Automobile Costly state falsification or verification


The impact of private information on insurance markets has long been appreciated by both economists and practitioners. Spurred by the initial presentation of the problem contained in Karloff’s (1970) examination of the market for lemons, analyses of environments in which insured’s possessed asymmetric information about their likelihood of suffering insurable losses have addressed the issues of adverse selection (Rothschild and Stieglitz, 1976) and moral hazard (Shovel, 1979).

More recently, the burgeoning problems associated with fraud in insurance claims have led economists to consider an alternative form of informational asymmetry in which the private information held by the insured individuals involved the actual magnitude of an economic loss. The resulting analyses may be dichotomized into two distinct lines of inquiry, which are known in the literature as the problems of costly state verification and falsification, respectively.

Costly state verification

The model presented in this section is taken from Bond and Crocker (1997). The environment considered consists of a continuum of risk-averse agents, each of which possesses the utility function U(~), where ~ is the wealth of the individual in state i. Each agent has the same initial wealth W, but may suffer some financial loss with probability n. Although the fact that an individual has suffered some loss is assumed to be publicly observable, the magnitude of that loss is private information to the individual suffering the injury.

The actual loss can be verified, however, if the insurer bears the fixed monitoring cost y. Conditional on the agent suffering some loss, the actual magnitude of that loss is denoted as x and is distributed on [,!,x] according to the probability density function g.

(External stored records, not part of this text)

(* Let $G$ be a finite, simple, connected graph of order at least four with $\dim_{wt}(G)=2$, and let $\{u,v\}$ be a weak total metric basis of $G$. Then $u$ and $v$ are not twins in $G$. In fact, $G$ has no twin.
   Context: $d(x,y)$ is the shortest-path distance and $N(x)$ the set of neighbors of $x$. A set $W\subseteq V(G)$ is a resolving set if for every two distinct vertices $y,z$ there is $x\in W$ with $d(y,x)\ne d(z,x)$. A set $W$ is a weak total resolving set (WTR-set) if $W$ is resolving and, for every $w\in W$ and every $x\in V(G)\setminus W$, there is $w'\in W\setminus\{w\}$ with $d(x,w')\ne d(w,w')$. $\dim_{wt}(G)$ is the minimum cardinality of a WTR-set, and a weak total metric basis is a WTR-set of that cardinality. Two distinct vertices $u,v$ are twins if $N(u)\setminus\{v\}=N(v)\setminus\{u\}$; a vertex $u$ is a twin (and $G$ has a twin) if there exists $v\ne u$ such that $u,v$ are twins. *)

theory Defs
  imports Main
begin

definition simple_graph :: "'a set \<Rightarrow> ('a \<Rightarrow> 'a \<Rightarrow> bool) \<Rightarrow> bool" where
  "simple_graph V E \<longleftrightarrow> finite V \<and> (\<forall>x y. E x y \<longrightarrow> x \<in> V \<and> y \<in> V)
     \<and> (\<forall>x y. E x y \<longrightarrow> E y x) \<and> (\<forall>x. \<not> E x x)"

inductive walk_len :: "('a \<Rightarrow> 'a \<Rightarrow> bool) \<Rightarrow> 'a \<Rightarrow> 'a \<Rightarrow> nat \<Rightarrow> bool" for E where
  walk_nil: "walk_len E x x 0"
| walk_cons: "E x y \<Longrightarrow> walk_len E y z n \<Longrightarrow> walk_len E x z (Suc n)"

definition connected_graph :: "'a set \<Rightarrow> ('a \<Rightarrow> 'a \<Rightarrow> bool) \<Rightarrow> bool" where
  "connected_graph V E \<longleftrightarrow> (\<forall>x\<in>V. \<forall>y\<in>V. \<exists>n. walk_len E x y n)"

definition dist :: "('a \<Rightarrow> 'a \<Rightarrow> bool) \<Rightarrow> 'a \<Rightarrow> 'a \<Rightarrow> nat" where
  "dist E x y = (LEAST n. walk_len E x y n)"

definition nbhd :: "('a \<Rightarrow> 'a \<Rightarrow> bool) \<Rightarrow> 'a \<Rightarrow> 'a set" where
  "nbhd E x = {y. E x y}"

definition resolving_set :: "'a set \<Rightarrow> ('a \<Rightarrow> 'a \<Rightarrow> bool) \<Rightarrow> 'a set \<Rightarrow> bool" where
  "resolving_set V E W \<longleftrightarrow> W \<subseteq> V \<and>
     (\<forall>y\<in>V. \<forall>z\<in>V. y \<noteq> z \<longrightarrow> (\<exists>x\<in>W. dist E y x \<noteq> dist E z x))"

definition wtr_set :: "'a set \<Rightarrow> ('a \<Rightarrow> 'a \<Rightarrow> bool) \<Rightarrow> 'a set \<Rightarrow> bool" where
  "wtr_set V E W \<longleftrightarrow> resolving_set V E W \<and>
     (\<forall>w\<in>W. \<forall>x\<in>V - W. \<exists>w'\<in>W - {w}. dist E x w' \<noteq> dist E w w')"

definition dim_wt :: "'a set \<Rightarrow> ('a \<Rightarrow> 'a \<Rightarrow> bool) \<Rightarrow> nat" where
  "dim_wt V E = (LEAST k. \<exists>W. wtr_set V E W \<and> card W = k)"

definition wt_metric_basis :: "'a set \<Rightarrow> ('a \<Rightarrow> 'a \<Rightarrow> bool) \<Rightarrow> 'a set \<Rightarrow> bool" where
  "wt_metric_basis V E W \<longleftrightarrow> wtr_set V E W \<and> card W = dim_wt V E"

definition twins :: "'a set \<Rightarrow> ('a \<Rightarrow> 'a \<Rightarrow> bool) \<Rightarrow> 'a \<Rightarrow> 'a \<Rightarrow> bool" where
  "twins V E u v \<longleftrightarrow> u \<in> V \<and> v \<in> V \<and> u \<noteq> v \<and> nbhd E u - {v} = nbhd E v - {u}"

definition is_twin :: "'a set \<Rightarrow> ('a \<Rightarrow> 'a \<Rightarrow> bool) \<Rightarrow> 'a \<Rightarrow> bool" where
  "is_twin V E u \<longleftrightarrow> (\<exists>v. twins V E u v)"

end

theory Submission
  imports Defs
begin

text \<open>Twins \<open>x, y\<close> are at equal distance from every third vertex, so any resolving set
  contains one of them, and the weak total condition forbids a two-element basis from containing
  exactly one of them. Hence a twin pair would be the basis \<open>{u, v}\<close> itself. Then \<open>u, v\<close> have a
  common neighbour \<open>a\<close>, so \<open>d(u, v) = 2\<close>, and the remaining vertices (there is one, as \<open>|V| \<ge> 4\<close>)
  all lie at distance at least 3 from \<open>u\<close>: distance 1 would not be resolved from \<open>a\<close>, and
  distance 2 violates the weak total condition at \<open>u\<close>. They therefore form a union of components
  of \<open>G\<close> not containing \<open>u\<close>, contradicting connectedness.\<close>

lemma walk_len_snoc: "walk_len E x y n \<Longrightarrow> E y z \<Longrightarrow> walk_len E x z (Suc n)"
  by (induction rule: walk_len.induct) (auto intro: walk_len.intros)

lemma walk_len_converse:
  "walk_len E x y n \<Longrightarrow> (\<And>a b. E a b \<Longrightarrow> E b a) \<Longrightarrow> walk_len E y x n"
  by (induction rule: walk_len.induct) (auto intro: walk_len.intros walk_len_snoc)

lemma walk_len_0_eq: "walk_len E x y 0 \<Longrightarrow> x = y"
  by (erule walk_len.cases) auto

lemma walk_len_2: "E x a \<Longrightarrow> E a y \<Longrightarrow> walk_len E x y 2"
  by (auto intro!: walk_len.intros simp: numeral_2_eq_2)

lemma walk_len_closed:
  "walk_len E x y n \<Longrightarrow> (\<And>p q. p \<in> S \<Longrightarrow> E p q \<Longrightarrow> q \<in> S) \<Longrightarrow> x \<in> S \<Longrightarrow> y \<in> S"
  by (induction rule: walk_len.induct) auto

lemma dist_le: "walk_len E x y n \<Longrightarrow> dist E x y \<le> n"
  unfolding dist_def by (rule Least_le)

lemma walk_len_dist: "walk_len E x y n \<Longrightarrow> walk_len E x y (dist E x y)"
  unfolding dist_def by (rule LeastI)

lemma dist_pos:
  assumes "walk_len E x y n" "x \<noteq> y" shows "0 < dist E x y"
proof (rule ccontr)
  assume "\<not> 0 < dist E x y"
  hence "walk_len E x y 0" using walk_len_dist[OF assms(1)] by simp
  thus False using walk_len_0_eq assms(2) by metis
qed

lemma dist_edge:
  assumes "E x y" "x \<noteq> y" shows "dist E x y = 1"
proof -
  have "walk_len E x y 1" using assms(1) by (auto intro: walk_len.intros)
  with dist_le[OF this] dist_pos[OF this assms(2)] show ?thesis by linarith
qed

lemma exists_not_in_list:
  assumes "length xs < card V" shows "\<exists>x\<in>V. x \<notin> set xs"
proof (rule ccontr)
  assume "\<not> (\<exists>x\<in>V. x \<notin> set xs)"
  then have "V \<subseteq> set xs" by blast
  from card_mono[OF finite_set this] card_length[of xs] assms show False by simp
qed

lemma twins_sym: "twins V E u v \<Longrightarrow> twins V E v u"
  unfolding twins_def by auto

locale connected_simple_graph =
  fixes V :: "'a set" and E :: "'a \<Rightarrow> 'a \<Rightarrow> bool"
  assumes simple: "simple_graph V E" and connected: "connected_graph V E"
begin

lemma edge_sym: "E x y \<Longrightarrow> E y x"
  using simple unfolding simple_graph_def by blast

lemma edge_irrefl: "\<not> E x x"
  using simple unfolding simple_graph_def by blast

lemma edge_in_V: "E x y \<Longrightarrow> x \<in> V \<and> y \<in> V"
  using simple unfolding simple_graph_def by blast

lemma walk_len_exists: "x \<in> V \<Longrightarrow> y \<in> V \<Longrightarrow> \<exists>n. walk_len E x y n"
  using connected unfolding connected_graph_def by blast

lemma dist_sym:
  assumes "x \<in> V" "y \<in> V" shows "dist E x y = dist E y x"
proof -
  obtain n where n: "walk_len E x y n" using walk_len_exists assms by blast
  have "walk_len E y x (dist E x y)"
    using walk_len_converse[OF walk_len_dist[OF n]] edge_sym by blast
  moreover have "walk_len E x y (dist E y x)"
    using walk_len_converse[OF walk_len_dist[OF walk_len_converse[OF n]]] edge_sym by blast
  ultimately have "dist E y x \<le> dist E x y" "dist E x y \<le> dist E y x" by (blast intro: dist_le)+
  thus ?thesis by simp
qed

text \<open>The second vertex \<open>t\<close> of a shortest walk from \<open>v\<close> to \<open>z\<close> is either \<open>u\<close> itself or, being
  a neighbour of \<open>v\<close> other than \<open>u\<close>, also a neighbour of \<open>u\<close>.\<close>
lemma twins_dist_le:
  assumes tw: "twins V E u v" and z: "z \<in> V" "z \<noteq> u" "z \<noteq> v"
  shows "dist E u z \<le> dist E v z"
proof -
  have vV: "v \<in> V" and nb: "nbhd E u - {v} = nbhd E v - {u}"
    using tw unfolding twins_def by auto
  obtain m where "walk_len E v z m" using walk_len_exists z vV by blast
  hence w: "walk_len E v z (dist E v z)" by (rule walk_len_dist)
  obtain n where n: "dist E v z = Suc n"
    using dist_pos[OF w] z(3) by (metis gr0_implies_Suc)
  obtain t where t: "E v t" "walk_len E t z n"
    using w unfolding n by (cases rule: walk_len.cases) auto
  show ?thesis
  proof (cases "t = u")
    case True
    thus ?thesis using dist_le[OF t(2)] n by simp
  next
    case False
    have "t \<noteq> v" using t(1) edge_irrefl by auto
    hence "E u t" using nb t(1) False unfolding nbhd_def by auto
    thus ?thesis using dist_le[OF walk_len.walk_cons[OF _ t(2)]] n by simp
  qed
qed

lemma twins_dist_eq:
  assumes tw: "twins V E u v" and z: "z \<in> V" "z \<noteq> u" "z \<noteq> v"
  shows "dist E z u = dist E z v"
proof -
  have "u \<in> V" "v \<in> V" using tw unfolding twins_def by auto
  moreover have "dist E u z = dist E v z"
    using twins_dist_le[OF tw z] twins_dist_le[OF twins_sym[OF tw] z(1,3,2)] by simp
  ultimately show ?thesis using dist_sym[OF z(1)] by simp
qed

lemma resolving_set_meets_twins:
  assumes res: "resolving_set V E W" and tw: "twins V E x y"
  shows "x \<in> W \<or> y \<in> W"
proof (rule ccontr)
  assume out: "\<not> (x \<in> W \<or> y \<in> W)"
  have "x \<in> V" "y \<in> V" "x \<noteq> y" using tw unfolding twins_def by auto
  then obtain w where w: "w \<in> W" "dist E x w \<noteq> dist E y w"
    using res unfolding resolving_set_def by blast
  have wV: "w \<in> V" using res w(1) unfolding resolving_set_def by auto
  have "w \<noteq> x" "w \<noteq> y" using out w(1) by auto
  hence "dist E w x = dist E w y" using twins_dist_eq[OF tw wV] by blast
  thus False using w(2) dist_sym[OF \<open>x \<in> V\<close> wV] dist_sym[OF \<open>y \<in> V\<close> wV] by simp
qed

lemma wtr_pair_dist_ne:
  assumes "wtr_set V E {u, v}" "u \<noteq> v" "x \<in> V" "x \<notin> {u, v}"
  shows "dist E x v \<noteq> dist E u v"
proof -
  have "\<exists>w'\<in>{u, v} - {u}. dist E x w' \<noteq> dist E u w'"
    using assms(1,3,4) unfolding wtr_set_def by blast
  moreover have "{u, v} - {u} = {v}" using assms(2) by auto
  ultimately show ?thesis by simp
qed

Costly state falsification

The model presented in this section is taken from Crocker and Morgan (1998). We consider an environment in which agents possess the utility function U(ll?, where ~ denotes their wealth in state i. As before, all agents have the same utility function U and initial wealth W, and may suffer the financial loss x = E [!,x], the magnitude of which is assumed to be private intonations to the individual suffering the loss.

In this setting, agents can generate an observed claim, denoted y, which may differ from their actual loss suffered, x. We will refer to the difference between the insured’s actual loss and that observed by the insurer, I x – y I , as claims falsification. In order to generate a falsified claim, the insured individual must incur the falsification cost g(x – y), which is assumed to be an increasing function of the amount of falsification.

Bodily injury liability insurance claims

This section of the paper analyzes data on individual insurance claims to ascertain the extent to which actual insurance settlements conform to the predictions of the theoretical models. The data we employ are drawn from a large set of individual claims involving compensation for injuries suffered in automobile accidents. These data are obtained from a study conducted by the Insurance Research Council (IRC), an insurance research and advisory group.

Last word

This study collected data on automobile injury claims settled by 34 insurance companies between May and September of 1987, and includes data from accidents that occurred in all 50 states and the District of Columbia. These data are described in detail by Crocker and Tennyson (1997).